Acid-sensing ion channels: structure, function, pharmacology, and clinical significance

Abstract

Changes in local proton concentrations within the body occur during synaptic transmission and metabolic activity and along the digestive tract. Perturbations to the strictly controlled physiological tissue pH are often associated with pathological processes. As such, many cell types require the ability to sense and respond to changes in local proton concentrations. Acid-sensing ion channels (ASICs) have been identified in all groups of Bilateria except for nematodes, arthropods, and mollusks.
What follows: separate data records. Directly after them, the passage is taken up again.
lemma poisson_pp_indep_counts:
  fixes B :: "nat \<Rightarrow> (real^2) set"
  assumes "poisson_pp M lam Phi" "finite I" "\<And>i. i \<in> I \<Longrightarrow> B i \<in> sets lborel \<and> bounded (B i)"
    and "disjoint_family_on B I"
  shows "prob_space.indep_vars M (\<lambda>_. count_space UNIV) (\<lambda>i w. card (Phi w \<inter> B i)) I"
  using assms(1)[unfolded poisson_pp_def, THEN conjunct2, THEN conjunct2, THEN conjunct2] assms(2-)
  by blast

lemma poisson_pp_count_event:
  assumes "poisson_pp M lam Phi" "B \<in> sets lborel" "bounded B"
  shows "{w\<in>space M. card (Phi w \<inter> B) = n} \<in> sets M"
proof -
  have "{w\<in>space M. card (Phi w \<inter> B) = n} = (\<lambda>w. card (Phi w \<inter> B)) -` {n} \<inter> space M"
    by blast
  then show ?thesis
    using measurable_sets[OF poisson_pp_counts(1)[OF assms]] by simp
qed

lemma poisson_pp_prob_counts_eq_prod:
  fixes B :: "'i \<Rightarrow> (real^2) set" and n :: "'i \<Rightarrow> nat"
  assumes pp: "poisson_pp M lam Phi" and I: "finite I"
    and B: "\<And>i. i \<in> I \<Longrightarrow> B i \<in> sets lborel \<and> bounded (B i)"
    and disj: "disjoint_family_on B I"
  shows "measure M {w\<in>space M. \<forall>i\<in>I. card (Phi w \<inter> B i) = n i}
    = (\<Prod>i\<in>I. measure M {w\<in>space M. card (Phi w \<inter> B i) = n i})"
proof (cases "I = {}")
  case True
  then show ?thesis
    using poisson_pp_prob_space[OF pp] by (simp add: prob_space.prob_space)
next
  case False
  interpret prob_space M
    using pp by (rule poisson_pp_prob_space)
  define ev where "ev i = {w\<in>space M. card (Phi w \<inter> B i) = n i}" for i
  obtain e where e: "bij_betw e {0..<card I} I"
    using ex_bij_betw_nat_finite[OF I] by blast
  let ?J = "{0..<card I}"
  let ?X = "\<lambda>j w. card (Phi w \<inter> B (e j))"
  have "disjoint_family_on (\<lambda>j. B (e j)) ?J"
    unfolding disjoint_family_on_def
  proof (intro ballI impI)
    fix j j' assume "j \<in> ?J" "j' \<in> ?J" "j \<noteq> j'"
    then show "B (e j) \<inter> B (e j') = {}"
      using disjoint_family_onD[OF disj] bij_betw_apply[OF e] inj_onD[OF bij_betw_imp_inj_on[OF e]]
      by metis
  qed
  moreover have "B (e j) \<in> sets lborel \<and> bounded (B (e j))" if "j \<in> ?J" for j
    using B[OF bij_betw_apply[OF e that]] .
  ultimately have indep: "indep_vars (\<lambda>_. count_space UNIV) ?X ?J"
    using poisson_pp_indep_counts[OF pp, of ?J "\<lambda>j. B (e j)"] by simp
  have ev_vimage: "ev (e j) = ?X j -` {n (e j)} \<inter> space M" for j
    unfolding ev_def by blast
  have "{w\<in>space M. \<forall>i\<in>I. card (Phi w \<inter> B i) = n i} = (\<Inter>i\<in>I. ev i)"
    using False unfolding ev_def by blast
  also have "\<dots> = (\<Inter>j\<in>?J. ev (e j))"
  proof -
    have "ev ` I = ev ` e ` ?J"
      using bij_betw_imp_surj_on[OF e] by simp
    then show ?thesis
      by (simp add: image_image)
  qed
  finally have "prob {w\<in>space M. \<forall>i\<in>I. card (Phi w \<inter> B i) = n i}
      = (\<Prod>j\<in>?J. prob (?X j -` {n (e j)} \<inter> space M))"
    unfolding ev_vimage using indep_varsD_finite[OF indep] False I by simp
  also have "\<dots> = (\<Prod>i\<in>I. prob (ev i))"
    unfolding ev_vimage[symmetric] using e by (rule prod.reindex_bij_betw)
  finally show ?thesis
    unfolding ev_def .
qed

lemma poisson_pp_prob_counts:
  fixes B :: "'i \<Rightarrow> (real^2) set" and n :: "'i \<Rightarrow> nat"
  assumes pp: "poisson_pp M lam Phi" and "finite I"
    and B: "\<And>i. i \<in> I \<Longrightarrow> B i \<in> sets lborel \<and> bounded (B i)"
    and "disjoint_family_on B I"
  shows "measure M {w\<in>space M. \<forall>i\<in>I. card (Phi w \<inter> B i) = n i}
    = (\<Prod>i\<in>I. (lam * measure lborel (B i)) ^ n i / fact (n i) * exp (- (lam * measure lborel (B i))))"
proof -
  have "measure M {w\<in>space M. \<forall>i\<in>I. card (Phi w \<inter> B i) = n i}
      = (\<Prod>i\<in>I. measure M {w\<in>space M. card (Phi w \<inter> B i) = n i})"
    using B by (rule poisson_pp_prob_counts_eq_prod[OF pp assms(2) _ assms(4)])
  also have "\<dots> = (\<Prod>i\<in>I. (lam * measure lborel (B i)) ^ n i / fact (n i) * exp (- (lam * measure lborel (B i))))"
    using B by (intro prod.cong refl poisson_pp_counts(2)[OF pp]) auto
  finally show ?thesis .
qed

lemma poisson_pp_prob_counts_le:
  fixes B :: "'i \<Rightarrow> (real^2) set" and n :: "'i \<Rightarrow> nat"
  assumes "poisson_pp M lam Phi" "lam \<ge> 0" "finite I"
    and "\<And>i. i \<in> I \<Longrightarrow> B i \<in> sets lborel \<and> bounded (B i)"
    and "disjoint_family_on B I"
  shows "measure M {w\<in>space M. \<forall>i\<in>I. card (Phi w \<inter> B i) = n i}
    \<le> lam ^ (\<Sum>i\<in>I. n i) * exp (- (lam * (\<Sum>i\<in>I. measure lborel (B i))))
      * (\<Prod>i\<in>I. measure lborel (B i) ^ n i)"
proof -
  have fact_le: "x / fact k \<le> x" if "x \<ge> 0" for x :: real and k
    using that fact_ge_1[of k, where 'a=real] by (simp add: divide_le_eq mult_le_cancel_left1)
  have "measure M {w\<in>space M. \<forall>i\<in>I. card (Phi w \<inter> B i) = n i}
      = (\<Prod>i\<in>I. (lam * measure lborel (B i)) ^ n i / fact (n i) * exp (- (lam * measure lborel (B i))))"
    using assms(1,3-) by (rule poisson_pp_prob_counts)
  also have "\<dots> \<le> (\<Prod>i\<in>I. (lam * measure lborel (B i)) ^ n i * exp (- (lam * measure lborel (B i))))"
    using assms(2) by (intro prod_mono conjI mult_right_mono fact_le) auto
  also have "\<dots> = lam ^ (\<Sum>i\<in>I. n i) * exp (- (lam * (\<Sum>i\<in>I. measure lborel (B i))))
      * (\<Prod>i\<in>I. measure lborel (B i) ^ n i)"
    using assms(3)
    by (simp add: prod.distrib power_mult_distrib power_sum exp_sum sum_distrib_left
        flip: sum_negf)
  finally show ?thesis .
qed

section \<open>Venn cells of a finite family of sets\<close>

definition venn_cell :: "('i \<Rightarrow> 'a set) \<Rightarrow> 'i set \<Rightarrow> 'a set \<Rightarrow> 'i set \<Rightarrow> 'a set" where
  "venn_cell A K D T = {y\<in>D. {i\<in>K. y \<in> A i} = T}"

lemma mem_venn_cell_iff: "y \<in> venn_cell A K D T \<longleftrightarrow> y \<in> D \<and> {i\<in>K. y \<in> A i} = T"
  unfolding venn_cell_def by simp

lemma venn_cell_subset: "venn_cell A K D T \<subseteq> D"
  unfolding venn_cell_def by blast

lemma disjoint_family_venn_cell: "disjoint_family (venn_cell A K D)"
  unfolding disjoint_family_on_def venn_cell_def by auto

lemma mem_venn_cell_self: "y \<in> D \<Longrightarrow> y \<in> venn_cell A K D {i\<in>K. y \<in> A i}"
  unfolding venn_cell_def by simp

lemma UN_venn_cell: "(\<Union>T\<in>Pow K. venn_cell A K D T) = D"
  using mem_venn_cell_self venn_cell_subset by fastforce

lemma UN_venn_cell_containing:
  assumes "j \<in> K"
  shows "(\<Union>T\<in>{T\<in>Pow K. j \<in> T}. venn_cell A K D T) = A j \<inter> D"
proof (intro equalityI subsetI)
  fix y assume y: "y \<in> A j \<inter> D"
  show "y \<in> (\<Union>T\<in>{T\<in>Pow K. j \<in> T}. venn_cell A K D T)"
  proof (rule UN_I)
    show "{i\<in>K. y \<in> A i} \<in> {T\<in>Pow K. j \<in> T}"
      using y assms by blast
    show "y \<in> venn_cell A K D {i\<in>K. y \<in> A i}"
      using y by (intro mem_venn_cell_self) blast
  qed
qed (auto simp: venn_cell_def)

lemma venn_cell_in_sets:
  assumes "finite K" "\<And>i. i \<in> K \<Longrightarrow> A i \<in> sets N" "D \<in> sets N"
  shows "venn_cell A K D T \<in> sets N"
proof (cases "T \<subseteq> K")
  case True
  then have "venn_cell A K D T = D - (\<Union>i\<in>T. D - A i) - (\<Union>i\<in>K - T. A i)"
    unfolding venn_cell_def by auto
  also have "\<dots> \<in> sets N"
    using assms True finite_subset[OF True] by (intro sets.Diff sets.finite_UN) auto
  finally show ?thesis .
next
  case False
  then have "venn_cell A K D T = {}"
    unfolding venn_cell_def by blast
  then show ?thesis
    by simp
qed

lemma sum_measure_venn_cell:
  assumes "finite K" "\<And>i. i \<in> K \<Longrightarrow> A i \<in> sets N" "D \<in> sets N" "emeasure N D \<noteq> \<infinity>"
    and "S \<subseteq> Pow K"
  shows "(\<Sum>T\<in>S. measure N (venn_cell A K D T)) = measure N (\<Union>T\<in>S. venn_cell A K D T)"
proof (rule measure_finite_Union[symmetric])
  show "finite S"
    using assms(1,5) by (simp add: finite_subset)
  show "venn_cell A K D ` S \<subseteq> sets N"
    using venn_cell_in_sets[of K A N D] assms(1-3) by blast
  show "disjoint_family_on (venn_cell A K D) S"
    using disjoint_family_on_mono[OF subset_UNIV disjoint_family_venn_cell] .
  show "emeasure N (venn_cell A K D T) \<noteq> \<infinity>" for T
    using emeasure_mono[OF venn_cell_subset[of A K D T] assms(3)] assms(4)
    by (simp add: neq_top_trans)
qed

lemma card_venn_cell_of_labelling:
  assumes g: "bij_betw g K (P \<inter> D)"
  shows "card (P \<inter> venn_cell A K D T) = card {j\<in>K. {i\<in>K. g j \<in> A i} = T}"
proof -
  let ?J = "{j\<in>K. {i\<in>K. g j \<in> A i} = T}"
  have "P \<inter> venn_cell A K D T = g ` ?J"
  proof (rule set_eqI)
    fix y
    have "y \<in> P \<inter> venn_cell A K D T \<longleftrightarrow> y \<in> P \<inter> D \<and> {i\<in>K. y \<in> A i} = T"
      by (simp add: mem_venn_cell_iff)
    also have "\<dots> \<longleftrightarrow> (\<exists>j\<in>K. y = g j \<and> {i\<in>K. g j \<in> A i} = T)"
      using bij_betw_imp_surj_on[OF g] by auto
    also have "\<dots> \<longleftrightarrow> y \<in> g ` ?J"
      by auto
    finally show "y \<in> P \<inter> venn_cell A K D T \<longleftrightarrow> y \<in> g ` ?J" .
  qed
  moreover have "inj_on g ?J"
    using bij_betw_imp_inj_on[OF g] by (rule inj_on_subset) simp
  ultimately show ?thesis
    by (simp add: card_image)
qed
They are part of the epithelial Na⁺ channel/degenerin (ENaC/DEG) family, which encompasses ion channels across a wide range of tissues and organisms. ENaC/DEG channels are constitutively active or can be activated by various stimuli, such as mechanical stimuli or the binding of peptides or protons. ASICs are low pH-activated Na⁺-selective channels, formed by the assembly of three identical or homologous subunits around a central pore. In mammals, ASICs are mostly expressed in the nervous system. Extensive structure-function studies have identified residues involved in ion permeation and in the control and modulation of ASIC activity. The biological functions of ASICs are associated with situations of lowered pH, such as high neuronal activity, ischemia, and inflammation. Experiments with rodents showed roles of ASICs in the expression of fear, learning, pain sensation, and neurodegeneration. This review comprehensively examines ASICs, covering their evolutionary origins, biophysical properties, structure-function relationships, physiological and pathological roles, and their regulation and pharmacology.

Keywords: ASIC; ischemia; neuronal excitability; pH sensing; pain.